After upgrading the Prometheus version to 0.16.0 in both Pulsar and KoP. The Prometheus-related code CPU usage is 0.58% now based on the Flame graph. The Broker's CPU usage reduces by around 16.3%. (Before 33%, Now 16.7%)
Summary:
The KoP-related code CPU usage can improve by around 10.75% if we set entryFormat=kafka
(The default entryFormat=pulsar
.)
P1 - entryFormat=pulsar
, the kop-related code CPU usage is around 50.37%. Almost CPU usages are on the two methods:PulsarEntryFormatter.encode()

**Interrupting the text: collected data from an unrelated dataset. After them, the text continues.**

(* Let $l\geq 2$ be an integer and let $n=\binom{2l+1}{l}+1$. Then $\chi'_2(\overleftrightarrow{K_n})<\chi'_{1,2}(\overleftrightarrow{K_n})$.
   Context: For a simple graph $G$, the symmetric digraph $\overleftrightarrow{G}$ is obtained by replacing each edge $uv$ of $G$ by the pair of opposite arcs $\overrightarrow{uv}$ and $\overrightarrow{vu}$; $K_n$ is the complete graph on $n$ vertices. A monochromatic 2-path is a pair of arcs $\overrightarrow{uv},\overrightarrow{vw}$ with $w\neq u$ of the same colour; a monochromatic 2-cycle is a pair $\overrightarrow{uv},\overrightarrow{vu}$ of the same colour. $\chi'_{1,2}(\overleftrightarrow{G})$ is the least number of colours in an arc-colouring of $\overleftrightarrow{G}$ with no monochromatic 2-cycles and no monochromatic 2-paths; $\chi'_{2}(\overleftrightarrow{G})$ is the least number of colours in an arc-colouring with no monochromatic 2-paths. *)

theory Defs
  imports Main
begin

text \<open>A simple graph is given by a vertex set V and a symmetric irreflexive
adjacency relation E.  The symmetric digraph has the arc (u,v) for every
edge uv, in both directions.\<close>

definition sym_arcs :: "'a set \<Rightarrow> ('a \<Rightarrow> 'a \<Rightarrow> bool) \<Rightarrow> ('a \<times> 'a) set" where
  "sym_arcs V E = {(u, v). u \<in> V \<and> v \<in> V \<and> E u v}"

definition arc_colouring :: "'a set \<Rightarrow> ('a \<Rightarrow> 'a \<Rightarrow> bool) \<Rightarrow> nat \<Rightarrow> ('a \<times> 'a \<Rightarrow> nat) \<Rightarrow> bool" where
  "arc_colouring V E k c \<longleftrightarrow> (\<forall>a \<in> sym_arcs V E. c a < k)"

definition no_mono_2path :: "'a set \<Rightarrow> ('a \<Rightarrow> 'a \<Rightarrow> bool) \<Rightarrow> ('a \<times> 'a \<Rightarrow> nat) \<Rightarrow> bool" where
  "no_mono_2path V E c \<longleftrightarrow>
     (\<forall>u v w. (u, v) \<in> sym_arcs V E \<and> (v, w) \<in> sym_arcs V E \<and> w \<noteq> u \<longrightarrow> c (u, v) \<noteq> c (v, w))"

definition no_mono_2cycle :: "'a set \<Rightarrow> ('a \<Rightarrow> 'a \<Rightarrow> bool) \<Rightarrow> ('a \<times> 'a \<Rightarrow> nat) \<Rightarrow> bool" where
  "no_mono_2cycle V E c \<longleftrightarrow>
     (\<forall>u v. (u, v) \<in> sym_arcs V E \<longrightarrow> c (u, v) \<noteq> c (v, u))"

definition chi2 :: "'a set \<Rightarrow> ('a \<Rightarrow> 'a \<Rightarrow> bool) \<Rightarrow> nat" where
  "chi2 V E = (LEAST k. \<exists>c. arc_colouring V E k c \<and> no_mono_2path V E c)"

definition chi12 :: "'a set \<Rightarrow> ('a \<Rightarrow> 'a \<Rightarrow> bool) \<Rightarrow> nat" where
  "chi12 V E = (LEAST k. \<exists>c. arc_colouring V E k c \<and> no_mono_2cycle V E c \<and> no_mono_2path V E c)"

definition K_V :: "nat \<Rightarrow> nat set" where "K_V n = {..<n}"
definition K_E :: "nat \<Rightarrow> nat \<Rightarrow> bool" where "K_E u v \<longleftrightarrow> u \<noteq> v"

end

theory Submission imports Defs "HOL-Combinatorics.Multiset_Permutations" begin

and ByteBufUtils.decodePulsarEntryToKafkaRecords()
P2 - entryFormat=kafka
, the kop-related code CPU usage is around 39.62%.
P3 - The broker CPU usage seems no change. The accepted result is the CPU usage of entryForm=kafka
is smaller than entryFormat=pulsar
. This may be caused by the different partition numbers in one broker after the broker restart.